Voltage-gated calcium channels are involved in the regulation of calcium oscillations in vascular smooth muscle cells from isolated porcine retinal arterioles

Disturbances in the regulation of retinal arteriolar tone are involved in the pathophysiology of major vision threatening diseases. Therefore, improving the treatment of these diseases requires knowledge about how the contraction of retinal arterioles is controlled. The present study hypothesized that in addition to calcium release from sarcoplasmic reticulum, calcium entry from the extracellular space is also involved in the generation of calcium oscillations as a basis for initiation of contraction in retinal arterioles. Isolated porcine retinal arterioles were mounted in a confocal microvascular myograph and loaded with the calcium sensitive fluorophore Oregon Green allowing simultaneous measurements of oscillations in the intracellular calcium concentration in individual smooth muscle cells and changes in the vascular tone. Recordings were made after pre-contraction with the thromboxane analogue U46619 in a low and a high ambient calcium concentration, and after subsequent blocking of voltage-gated calcium channels using nifedipine or the sarcoplasmic reticulum dependent calcium recruitment using ryanodine, caffeine, thapsigargin and cyclopiazonic acid. U46619 increased the number of oscillations in a low but not in physiological extracellular calcium concentration. In contrast to mesenteric arterioles, blocking of sarcoplasmic reticulum Ca2+ channels with ryanodine was without effect on both retinal arteriolar tone and calcium oscillations.
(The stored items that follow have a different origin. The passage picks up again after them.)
(* Let $\Gamma$ be a finite cyclic group of order $f$ with generator $\sigma$. The $\mathbb Z[\Gamma]$-submodules $M$ of $\mathbb Z[\Gamma]$ such that $\mathbb Z[\Gamma]/M$ is torsion-free over $\mathbb Z$ are exactly the modules $\overline M_{\underline d}$, for $\underline d$ ranging over the sets of positive divisors of $f$.
   Context: For $d\mid f$, $M_d=\bigoplus_{0\le l\le\varphi(d)-1}\mathbb Z\,P_{f,d}(\sigma)\sigma^l\subset\mathbb Z[\Gamma]$, where $P_{f,d}(X)=(X^f-1)/\Phi_d(X)$, $\Phi_d$ is the $d$-th cyclotomic polynomial and $\varphi$ Euler's totient function. For a set $\underline d$ of divisors of $f$, $M_{\underline d}=\bigoplus_{d\in\underline d}M_d$ and $\overline M_{\underline d}=\{\chi\in\mathbb Z[\Gamma]:a\chi\in M_{\underline d}\text{ for some }a\in\mathbb Z\smallsetminus\{0\}\}$. *)

theory Defs
  imports "HOL-Analysis.Analysis" "HOL-Computational_Algebra.Polynomial" "HOL-Library.Function_Algebras" "HOL-Number_Theory.Totient"
begin

(* Z[Gamma] for Gamma cyclic of order f with generator sigma, identified with Z/fZ via
   sigma^i <-> i mod f.  Elements: coefficient functions supported on {0..<f}. *)
definition grp_ring :: "nat \<Rightarrow> (nat \<Rightarrow> int) set" where
  "grp_ring f = {a. \<forall>i\<ge>f. a i = 0}"

definition gmult :: "nat \<Rightarrow> (nat \<Rightarrow> int) \<Rightarrow> (nat \<Rightarrow> int) \<Rightarrow> (nat \<Rightarrow> int)" where
  "gmult f a b = (\<lambda>k. if k < f then (\<Sum>i<f. \<Sum>j<f. if (i + j) mod f = k then a i * b j else 0) else 0)"

definition is_submodule :: "nat \<Rightarrow> (nat \<Rightarrow> int) set \<Rightarrow> bool" where
  "is_submodule f M \<longleftrightarrow> M \<subseteq> grp_ring f \<and> 0 \<in> M \<and>
     (\<forall>x\<in>M. \<forall>y\<in>M. x + y \<in> M) \<and>
     (\<forall>r\<in>grp_ring f. \<forall>x\<in>M. gmult f r x \<in> M)"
Conversely, blocking of the sarcoplasmic reticulum Ca2+ pump with cyclopiazonic acid or thapsigargin significantly reduced calcium oscillations, but not arteriolar tone. At a physiological extracellular calcium concentration, addition of nifedipine, an L-type calcium channel blocker, reduced vascular tone but increased the number of cells displaying calcium oscillations. Fast oscillations in the intracellular calcium concentration in retinal smooth muscle cells depend on calcium transport by both the SR and the sarcolemma. However, both sites of calcium recruitment seem to have unique properties in porcine retinal arterioles as compared to other organs.